A helper method is a recursive method that makes use of additional parameters to keep track of values. For recursiveSum, our helper method might look like this:

public double recursiveSum(double[] a, double sum, int index){ if (index == a.length) return sum; sum += a[index]; return recursiveSum(a, sum, index + 1);}

This method builds the sum by passing the working value to a new method call with the next index. When there are no more values in the array, the working sum is the actual sum.

Now we have two methods. The “starter method,” and the helper method.

public double recursiveSum(double[] a) # recursively calculate sum
public double recursiveSum(double[] a, double sum, int index){ if (index == a.length) return sum; sum += a[index]; return recursiveSum(a, sum, index + 1);}

The term “helper method” is actually a bit of a misnomer. It turns out that the helper method does all the work, and the other method is just a starter. It simply calls the helper method with the initial values that start the recursion.

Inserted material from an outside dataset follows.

(* Let $(\mathbf c,\mathbf g)\in\mathbf C^5_{\rm aut}$ with $\operatorname{Hom}(N_{\mathbf c},\mathbb G_{\mathbf g})=0$, and let $\mathbf m\in\mathbf M_{\mathbf c}$ be $|N_{\mathbf c}|^+$-free over $(\mathbf c,\mathbf g)$. Then $\operatorname{Hom}(N_{\mathbf c},\mathcal Z(H_{\mathbf m}))\subseteq\operatorname{Hom}(N_{\mathbf c},H_{\mathbf c})$, i.e. every homomorphism $N_{\mathbf c}\to\mathcal Z(H_{\mathbf m})$ has image contained in $H_{\mathbf c}$.
   Context: Groups are not assumed abelian; $\mathcal Z(H)$ is the center of $H$; $J_p$ is the additive group of $p$-adic integers. $\mathbf C^4_{\rm aut}$: tuples $\mathbf c=(L_{\mathbf c},N_{\mathbf c},H_{\mathbf c},h_{\mathbf c},h^*_{\mathbf c},F_{\mathbf c},(Q^{\bar s}_{\mathbf c}),H^*_{\mathbf c},\mathbb P_{\mathbf c})$: $L_{\mathbf c},H_{\mathbf c}$ groups; $F_{\mathbf c}:L_{\mathbf c}\to\operatorname{Aut}(H_{\mathbf c})$ injective homomorphism, $F^\ell_{\mathbf c}:=F_{\mathbf c}(\ell)$; $N_{\mathbf c}\trianglelefteq L_{\mathbf c}$; $h_{\mathbf c}:H_{\mathbf c}\to N_{\mathbf c}$ epimorphism with kernel $\mathcal Z(H_{\mathbf c})$ and $F_{\mathbf c}(h_{\mathbf c}(a))=(x\mapsto axa^{-1})$; $h^*_{\mathbf c}:N_{\mathbf c}\to H_{\mathbf c}$ a map with $h_{\mathbf c}\circ h^*_{\mathbf c}=\mathrm{id}$; $(b_1,\dots,b_n)\in Q^{\bar s}_{\mathbf c}$ iff $\sum_is_iF^{b_i}_{\mathbf c}\restriction\mathcal Z(H_{\mathbf c})=0$ ($\bar s\in\mathbb Z^n$); $\mathcal Z(H_{\mathbf c})$ reduced; $H^*_{\mathbf c}\le H_{\mathbf c}$, $H_{\mathbf c}=\bigcup_{x\in\mathcal Z(H_{\mathbf c})}H^*_{\mathbf c}x$, $\mathcal Z(H^*_{\mathbf c})=\mathcal Z(H_{\mathbf c})\cap H^*_{\mathbf c}$; $\mathbb P_{\mathbf c}$ = primes $p$ such that $\mathcal Z(H_{\mathbf c})$ has a nonzero element of $p$-power order (then so does $\mathcal Z(H^*_{\mathbf c})$) or $J_p$ embeds in $\mathcal Z(H_{\mathbf c})$ (then $J_p$ embeds in $\mathcal Z(H^*_{\mathbf c})$); $\mathcal Z(H_{\mathbf c})/\mathcal Z(H^*_{\mathbf c})$ torsion-free and $p$-divisible for all $p\notin\mathbb P_{\mathbf c}$. $\mathbf C^5_{\rm aut}$: pairs $(\mathbf c,\mathbf g)$, $\mathbf c\in\mathbf C^4_{\rm aut}$, $\mathbf g=(\mathbb G_{\mathbf g},(F^\ell_{\mathbf g})_{\ell\in L_{\mathbf c}})$ with $\mathbb G_{\mathbf g}$ reduced torsion-free abelian, no $J_p$ embeddable, $F^\ell_{\mathbf g}\in\operatorname{Aut}(\mathbb G_{\mathbf g})$, and $(b_i)\in Q^{\bar s}_{\mathbf c}\Rightarrow\sum_is_iF^{b_i}_{\mathbf g}=0$. $\mathbf M_{\mathbf c}$ (for $(\mathbf c,\mathbf g)\in\mathbf C^5_{\rm aut}$): pairs $(\mathbf m,\mathbf g)\in\mathbf C^5_{\rm aut}$ (same $\mathbf g$) with $L_{\mathbf m}=L_{\mathbf c}$, $N_{\mathbf m}=N_{\mathbf c}$, $H_{\mathbf c}\subseteq H_{\mathbf m}$, $h_{\mathbf c}\subseteq h_{\mathbf m}$, $h^*_{\mathbf m}=h^*_{\mathbf c}$, $F^\ell_{\mathbf c}\subseteq F^\ell_{\mathbf m}$, $Q^{\bar s}_{\mathbf m}=Q^{\bar s}_{\mathbf c}$, $H_{\mathbf m}$ generated by $\mathcal Z(H_{\mathbf m})\cup H_{\mathbf c}$, $\mathcal Z(H_{\mathbf c})=\mathcal Z(H_{\mathbf m})\cap H_{\mathbf c}$, $\mathbb P_{\mathbf m}=\mathbb P_{\mathbf c}$, $H^*_{\mathbf m}=H^*_{\mathbf c}$. $\mathbf m_1\le_{\mathbf c}\mathbf m_2$ means $H_{\mathbf m_1}\subseteq H_{\mathbf m_2}$, $h_{\mathbf m_1}\subseteq h_{\mathbf m_2}$, $F^\ell_{\mathbf m_1}\subseteq F^\ell_{\mathbf m_2}$ for all $\ell$. $\mathbf m'\in\mathbf M_{\mathbf c}$ is free over $(\mathbf c,\mathbf g)$ if there are injective homomorphisms $f_\xi:\mathbb G_{\mathbf g}\to\mathcal Z(H_{\mathbf m'})$ ($\xi<\zeta$) with $f_\xi\circ F^\ell_{\mathbf g}=F^\ell_{\mathbf m'}\circ f_\xi$ for all $\ell$, such that $\mathcal Z(H_{\mathbf m'})=\bigoplus_{\xi<\zeta}f_\xi(\mathbb G_{\mathbf g})\oplus\mathcal Z(H_{\mathbf c})$. $\mathbf m$ is $\mu$-free over $(\mathbf c,\mathbf g)$ if for every subgroup $G'$ of $\mathcal Z(H_{\mathbf m})/\mathcal Z(H_{\mathbf c})$ of cardinality $<\mu$ there is $\mathbf m'\in\mathbf M_{\mathbf c}$ with $\mathbf m'\le_{\mathbf c}\mathbf m$, free over $(\mathbf c,\mathbf g)$, and $G'\subseteq\mathcal Z(H_{\mathbf m'})/\mathcal Z(H_{\mathbf c})$. *)

theory Defs
  imports "HOL-Algebra.Algebra" "HOL-Computational_Algebra.Primes"
begin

public double recursiveSum(double[] a) return recursiveSum(a, 0.0, 0);
public double recursiveSum(double[] a, double sum, int index){ if (index == a.length) return sum; sum += a[index]; return recursiveSum(a, sum, index + 1);}

Note that the values used in the starter call to the helper method are the same values used to initialize the local variables in the loop example. We initialize the variable used to keep track of the sum to 0.0, and we initialize the variable used to keep track of the index to 0.

Earlier, I said that local variables are useless in the context of recursion. This isn’t completely true, because the method parameters are indeed local variables. They work for recursion because new ones are created every time the method is called. When the recursion is executed, there are many method calls being stored in the call stack, and as a result there are many copies of the local variables.

You might ask, “If the helper method does all the work, why do we even need the starter method? Why don’t we just call the helper method with the initial values, and then you only need to write one method?”

Husk, at vi prøvede at erstatte metoden, der brugte en for-loop. Denne metode var enkel. Det tog en matrix som parameter og returnerede summen af ​​matrixen som en dobbelt. Hvis vi udskiftede denne metode med en, der tog tre parametre, skulle vi huske at kalde den med de rigtige startværdier. Hvis en anden ville bruge din metode, ville det være umuligt, hvis han eller hun ikke kendte startværdierne.

Af disse grunde er det fornuftigt at tilføje en anden metode, der tager sig af disse startværdier for os.

Afslutter

Rekursion er et ret udfordrende koncept, men du klarede det helt til slutningen af ​​min forklaring. Jeg håber, du forstår magien lidt bedre. Nu giver jeg dig officielt titlen "Grand-Wizard of Recursion." Tillykke!